* INSTRUCTIONS FOR THE TASK *
In the entries below, find the lines with the word "moreover" and copy them.

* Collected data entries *
lemma vadd_neg_left: "x \<in> X \<Longrightarrow> vadd (neg x) x = vzero"
  using vadd_neg_right vadd_commute smul_closed by metis

lemma vadd_neg_cancel: "x \<in> X \<Longrightarrow> y \<in> X \<Longrightarrow> vadd (vadd x y) (neg x) = y"
  by (metis vadd_assoc vadd_commute vadd_neg_right smul_closed vadd_vzero_right)

lemma vadd_neg_cancel_right: "x \<in> X \<Longrightarrow> y \<in> X \<Longrightarrow> vadd (vadd x y) (neg y) = x"
  using vadd_assoc vadd_neg_right vadd_vzero_right smul_closed by simp

lemma vadd_vadd_swap:
  "x \<in> X \<Longrightarrow> y \<in> X \<Longrightarrow> u \<in> X \<Longrightarrow> v \<in> X \<Longrightarrow>
   vadd (vadd x y) (vadd u v) = vadd (vadd x u) (vadd y v)"
  by (metis vadd_closed vadd_assoc vadd_commute)

lemma vnorm_nonneg: assumes x: "x \<in> X" shows "vnorm x \<ge> 0"
proof -
  have "0 = vnorm (vadd x (neg x))" using vadd_neg_right vnorm_eq_zero_iff vzero_closed x by simp
  also have "\<dots> \<le> vnorm x + vnorm (neg x)" using vnorm_triangle x smul_closed by blast
  also have "\<dots> = 2 * vnorm x" using vnorm_smul x by simp
  finally show ?thesis by simp
qed

lemma rsmul_zero: "x \<in> X \<Longrightarrow> rsmul 0 x = vzero"
  using smul_zero by simp

lemma rsmul_add: "x \<in> X \<Longrightarrow> rsmul (s + t) x = vadd (rsmul s x) (rsmul t x)"
  using smul_add[of x "complex_of_real s" "complex_of_real t"] by simp

lemma rsmul_rsmul: "x \<in> X \<Longrightarrow> rsmul s (rsmul t x) = rsmul (s * t) x"
  using smul_smul[of x "complex_of_real s" "complex_of_real t"] by simp

definition sublinear :: "('x \<Rightarrow> real) \<Rightarrow> bool" where
  "sublinear q \<longleftrightarrow> (\<forall>x\<in>X. \<forall>y\<in>X. q (vadd x y) \<le> q x + q y) \<and>
     (\<forall>r>0. \<forall>x\<in>X. q (rsmul r x) \<le> r * q x) \<and> q vzero = 0"

lemma sublinear_cong: "(\<And>x. x \<in> X \<Longrightarrow> q x = q' x) \<Longrightarrow> sublinear q = sublinear q'"
  unfolding sublinear_def using vadd_closed smul_closed vzero_closed by simp

lemma sublinear_vadd: "sublinear q \<Longrightarrow> x \<in> X \<Longrightarrow> y \<in> X \<Longrightarrow> q (vadd x y) \<le> q x + q y"
  unfolding sublinear_def by blast

lemma sublinear_vzero: "sublinear q \<Longrightarrow> q vzero = 0"
  unfolding sublinear_def by blast

lemma sublinear_rsmul_pos:
  assumes q: "sublinear q" and r: "r > 0" and x: "x \<in> X"
  shows "q (rsmul r x) = r * q x"
proof -
  have "smul (1/r) (rsmul r x) = x" using smul_smul[OF x] smul_one[OF x] r by simp
  then have "q x \<le> (1/r) * q (rsmul r x)"
    using q r smul_closed[OF x] unfolding sublinear_def by (metis divide_pos_pos zero_less_one)
  moreover have "q (rsmul r x) \<le> r * q x" using q r x unfolding sublinear_def by blast
  ultimately show ?thesis using r by (simp add: field_simps)
qed

lemma sublinear_rsmul_nonneg:
  "sublinear q \<Longrightarrow> r \<ge> 0 \<Longrightarrow> x \<in> X \<Longrightarrow> q (rsmul r x) = r * q x"
  by (cases "r = 0") (simp_all add: smul_zero sublinear_vzero sublinear_rsmul_pos)

lemma sublinear_neg_le: assumes q: "sublinear q" and x: "x \<in> X" shows "- q (neg x) \<le> q x"
  using sublinear_vadd[OF q x smul_closed[OF x, of "-1"]] vadd_neg_right[OF x] sublinear_vzero[OF q]
  by simp

lemma sublinear_vnorm: "sublinear vnorm"
  unfolding sublinear_def using vnorm_triangle vnorm_smul vnorm_eq_zero_iff vzero_closed by simp

text \<open>If \<open>q\<close> is minimal, then \<open>shrink q y = q\<close>, and evaluating at \<open>-y\<close> gives \<open>q (-y) \<le> - q y\<close>:
  this is why minimal sublinear functionals are linear.\<close>

definition shrink :: "('x \<Rightarrow> real) \<Rightarrow> 'x \<Rightarrow> 'x \<Rightarrow> real" where
  "shrink q y x = Inf ((\<lambda>t. q (vadd x (rsmul t y)) - t * q y) ` {0..})"

lemma shrink_bdd_below:
  assumes q: "sublinear q" and x: "x \<in> X" and y: "y \<in> X"
  shows "bdd_below ((\<lambda>t. q (vadd x (rsmul t y)) - t * q y) ` {0..})"
proof -
  have "- q (neg x) \<le> q (vadd x (rsmul t y)) - t * q y" if t: "t \<ge> 0" for t
  proof -
    have "q (rsmul t y) \<le> q (vadd x (rsmul t y)) + q (neg x)"
      using sublinear_vadd[OF q vadd_closed[OF x smul_closed[OF y]] smul_closed[OF x, of "-1"]]
        vadd_neg_cancel[OF x smul_closed[OF y]] by simp
    then show ?thesis using sublinear_rsmul_nonneg[OF q t y] by simp
  qed
  then show ?thesis unfolding bdd_below_def by blast
qed

lemma shrink_le:
  "sublinear q \<Longrightarrow> x \<in> X \<Longrightarrow> y \<in> X \<Longrightarrow> t \<ge> 0 \<Longrightarrow>
   shrink q y x \<le> q (vadd x (rsmul t y)) - t * q y"
  unfolding shrink_def by (rule cInf_lower[OF _ shrink_bdd_below]) auto

lemma shrink_greatest:
  "(\<And>t. t \<ge> 0 \<Longrightarrow> c \<le> q (vadd x (rsmul t y)) - t * q y) \<Longrightarrow> c \<le> shrink q y x"
  unfolding shrink_def by (rule cInf_greatest) auto

lemma shrink_le_self: "sublinear q \<Longrightarrow> x \<in> X \<Longrightarrow> y \<in> X \<Longrightarrow> shrink q y x \<le> q x"
  using shrink_le[of q x y 0] rsmul_zero vadd_vzero_right by simp

lemma shrink_neg:
  assumes q: "sublinear q" and y: "y \<in> X" shows "shrink q y (neg y) \<le> - q y"
  using shrink_le[OF q smul_closed[OF y, of "-1"] y, of 1] smul_one[OF y] vadd_neg_left[OF y] sublinear_vzero[OF q]
  by simp

lemma sublinear_shrink: assumes q: "sublinear q" and y: "y \<in> X" shows "sublinear (shrink q y)"
  unfolding sublinear_def
proof (intro conjI ballI allI impI)
  fix x1 x2 assume x1: "x1 \<in> X" and x2: "x2 \<in> X"
  have split: "shrink q y (vadd x1 x2)
      \<le> (q (vadd x1 (rsmul t1 y)) - t1 * q y) + (q (vadd x2 (rsmul t2 y)) - t2 * q y)"
    if t1: "t1 \<ge> 0" and t2: "t2 \<ge> 0" for t1 t2
  proof -
    have "vadd (vadd x1 x2) (rsmul (t1 + t2) y) = vadd (vadd x1 (rsmul t1 y)) (vadd x2 (rsmul t2 y))"
      using rsmul_add[OF y] vadd_vadd_swap x1 x2 smul_closed[OF y] by simp
    then have "q (vadd (vadd x1 x2) (rsmul (t1 + t2) y)) \<le> q (vadd x1 (rsmul t1 y)) + q (vadd x2 (rsmul t2 y))"
      using sublinear_vadd[OF q] vadd_closed x1 x2 smul_closed[OF y] by simp
    moreover have "shrink q y (vadd x1 x2) \<le> q (vadd (vadd x1 x2) (rsmul (t1 + t2) y)) - (t1 + t2) * q y"
      using shrink_le[OF q vadd_closed[OF x1 x2] y, of "t1 + t2"] t1 t2 by simp
    ultimately show ?thesis by (simp add: algebra_simps)
  qed
  have "shrink q y (vadd x1 x2) - (q (vadd x2 (rsmul t2 y)) - t2 * q y) \<le> shrink q y x1"
    if "t2 \<ge> 0" for t2
    by (rule shrink_greatest) (use split that in force)
  then have "shrink q y (vadd x1 x2) - shrink q y x1 \<le> shrink q y x2"
    by (intro shrink_greatest) (simp add: algebra_simps)
  then show "shrink q y (vadd x1 x2) \<le> shrink q y x1 + shrink q y x2" by simp
next
  fix r :: real and x assume r: "r > 0" and x: "x \<in> X"
  have "shrink q y (rsmul r x) / r \<le> q (vadd x (rsmul s y)) - s * q y" if s: "s \<ge> 0" for s
  proof -
    have "rsmul r (vadd x (rsmul s y)) = vadd (rsmul r x) (rsmul (r * s) y)"
      using smul_vadd[OF x smul_closed[OF y]] rsmul_rsmul[OF y] by simp
    then have "q (vadd (rsmul r x) (rsmul (r * s) y)) = r * q (vadd x (rsmul s y))"
      using sublinear_rsmul_pos[OF q r] vadd_closed[OF x smul_closed[OF y]] by metis
    moreover have "shrink q y (rsmul r x) \<le> q (vadd (rsmul r x) (rsmul (r * s) y)) - (r * s) * q y"
      using shrink_le[OF q smul_closed[OF x] y, of "r * s"] r s by simp
    ultimately show ?thesis using r by (simp add: field_simps)
  qed
  then have "shrink q y (rsmul r x) / r \<le> shrink q y x" by (intro shrink_greatest)
  then show "shrink q y (rsmul r x) \<le> r * shrink q y x" using r by (simp add: field_simps)
next
  have "0 \<le> shrink q y vzero"
    by (rule shrink_greatest) (simp add: vadd_vzero_left smul_closed[OF y] sublinear_rsmul_nonneg[OF q _ y])
  then show "shrink q y vzero = 0"
    using shrink_le_self[OF q vzero_closed y] sublinear_vzero[OF q] by simp
qed

definition real_linear :: "('x \<Rightarrow> real) \<Rightarrow> bool" where
  "real_linear g \<longleftrightarrow>
     (\<forall>x\<in>X. \<forall>y\<in>X. g (vadd x y) = g x + g y) \<and> (\<forall>r. \<forall>x\<in>X. g (rsmul r x) = r * g x)"

lemma sublinear_chain_Inf:
  assumes ne: "C \<noteq> {}" and sub: "\<And>q. q \<in> C \<Longrightarrow> sublinear q"
    and total: "\<And>q q'. q \<in> C \<Longrightarrow> q' \<in> C \<Longrightarrow> q \<le> q' \<or> q' \<le> q"
    and bdd: "\<And>x. x \<in> X \<Longrightarrow> bdd_below ((\<lambda>q. q x) ` C)"
  shows "sublinear (\<lambda>x. Inf ((\<lambda>q. q x) ` C))" (is "sublinear ?u")
proof -
  have lower: "?u x \<le> q x" if "x \<in> X" "q \<in> C" for x q
    using that bdd by (auto intro: cInf_lower)
  have greatest: "c \<le> ?u x" if "\<And>q. q \<in> C \<Longrightarrow> c \<le> q x" for x c
    using that ne by (auto intro: cInf_greatest)
  show ?thesis unfolding sublinear_def
  proof (intro conjI ballI allI impI)
    fix x y assume x: "x \<in> X" and y: "y \<in> X"
    have "?u (vadd x y) \<le> q1 x + q2 y" if q1: "q1 \<in> C" and q2: "q2 \<in> C" for q1 q2
    proof -
      have "\<exists>q\<in>C. q \<le> q1 \<and> q \<le> q2" using total[OF q1 q2] q1 q2 by auto
      then obtain q where q: "q \<in> C" "q \<le> q1" "q \<le> q2" by blast
      have "?u (vadd x y) \<le> q (vadd x y)" using lower vadd_closed[OF x y] q by blast
      also have "\<dots> \<le> q x + q y" using sublinear_vadd[OF sub[OF q(1)] x y] .
      also have "\<dots> \<le> q1 x + q2 y" using q by (simp add: add_mono le_funD)
      finally show ?thesis .
    qed
    then have "?u (vadd x y) - q2 y \<le> ?u x" if "q2 \<in> C" for q2
      using greatest that by (metis diff_le_eq)
    then have "?u (vadd x y) - ?u x \<le> ?u y" using greatest by (metis diff_le_eq add.commute)
    then show "?u (vadd x y) \<le> ?u x + ?u y" by simp
  next
    fix r :: real and x assume r: "r > 0" and x: "x \<in> X"
    have "?u (rsmul r x) / r \<le> q x" if q: "q \<in> C" for q
      using lower[OF rsmul_closed[OF x, of r] q] sublinear_rsmul_pos[OF sub[OF q] r x] r
      by (simp add: field_simps)
    then have "?u (rsmul r x) / r \<le> ?u x" using greatest by blast
    then show "?u (rsmul r x) \<le> r * ?u x" using r by (simp add: field_simps)
  next
    obtain q where q: "q \<in> C" using ne by auto
    have "0 \<le> ?u vzero" by (rule greatest) (simp add: sublinear_vzero[OF sub])
    then show "?u vzero = 0"
      using lower[OF vzero_closed q] sublinear_vzero[OF sub[OF q]] by linarith
  qed
qed

text \<open>The functionals are made to vanish off \<open>X\<close> so that the pointwise order is antisymmetric.\<close>

definition dominated :: "('x \<Rightarrow> real) \<Rightarrow> ('x \<Rightarrow> real) set" where
  "dominated p = {q. sublinear q \<and> (\<forall>x\<in>X. q x \<le> p x) \<and> (\<forall>x. x \<notin> X \<longrightarrow> q x = 0)}"

lemma dominated_chain_lower_bound:
  assumes p: "sublinear p" and C: "C \<in> Chains (relation_of (\<lambda>q q'. q' \<le> q) (dominated p))"
  shows "\<exists>u\<in>dominated p. \<forall>q\<in>C. u \<le> q"
proof (cases "C = {}")
  case True
  have "sublinear (\<lambda>x. if x \<in> X then p x else 0)"
    using sublinear_cong[of "\<lambda>x. if x \<in> X then p x else 0" p] p by simp
  then have "(\<lambda>x. if x \<in> X then p x else 0) \<in> dominated p" unfolding dominated_def by auto
  then show ?thesis using True by blast
next
  case False
  have CD: "C \<subseteq> dominated p" using Chains_relation_of[OF C] .
  have total: "q \<le> q' \<or> q' \<le> q" if "q \<in> C" "q' \<in> C" for q q'
    using C that unfolding Chains_def relation_of_def by blast
  have sub: "sublinear q" and below: "\<And>x. x \<in> X \<Longrightarrow> q x \<le> p x" if "q \<in> C" for q
    using CD that unfolding dominated_def by auto
  have bdd: "bdd_below ((\<lambda>q. q x) ` C)" if x: "x \<in> X" for x
  proof -
    have "- p (neg x) \<le> q x" if q: "q \<in> C" for q
      using sublinear_neg_le[OF sub[OF q] x] below[OF q neg_closed[OF x]] by linarith
    then show ?thesis unfolding bdd_below_def by blast
  qed
  define u where "u x = (if x \<in> X then Inf ((\<lambda>q. q x) ` C) else 0)" for x
  have lower: "u x \<le> q x" if "q \<in> C" for x q
    using that bdd CD unfolding u_def dominated_def by (auto intro: cInf_lower)
  have "sublinear u"
    using sublinear_cong[of u] sublinear_chain_Inf[OF False sub total bdd] unfolding u_def by simp
  moreover obtain q where "q \<in> C" using False by blast
  then have "\<forall>x\<in>X. u x \<le> p x" using lower below by (meson order_trans)
  ultimately have "u \<in> dominated p" unfolding dominated_def u_def by auto
  then show ?thesis using lower by (auto simp: le_fun_def)
qed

* WRITTEN ANSWER *
  moreover have "q (rsmul r x) \<le> r * q x" using q r x unfolding sublinear_def by blast
    moreover have "shrink q y (vadd x1 x2) \<le> q (vadd (vadd x1 x2) (rsmul (t1 + t2) y)) - (t1 + t2) * q y"
    moreover have "shrink q y (rsmul r x) \<le> q (vadd (rsmul r x) (rsmul (r * s) y)) - (r * s) * q y"
  moreover obtain q where "q \<in> C" using False by blast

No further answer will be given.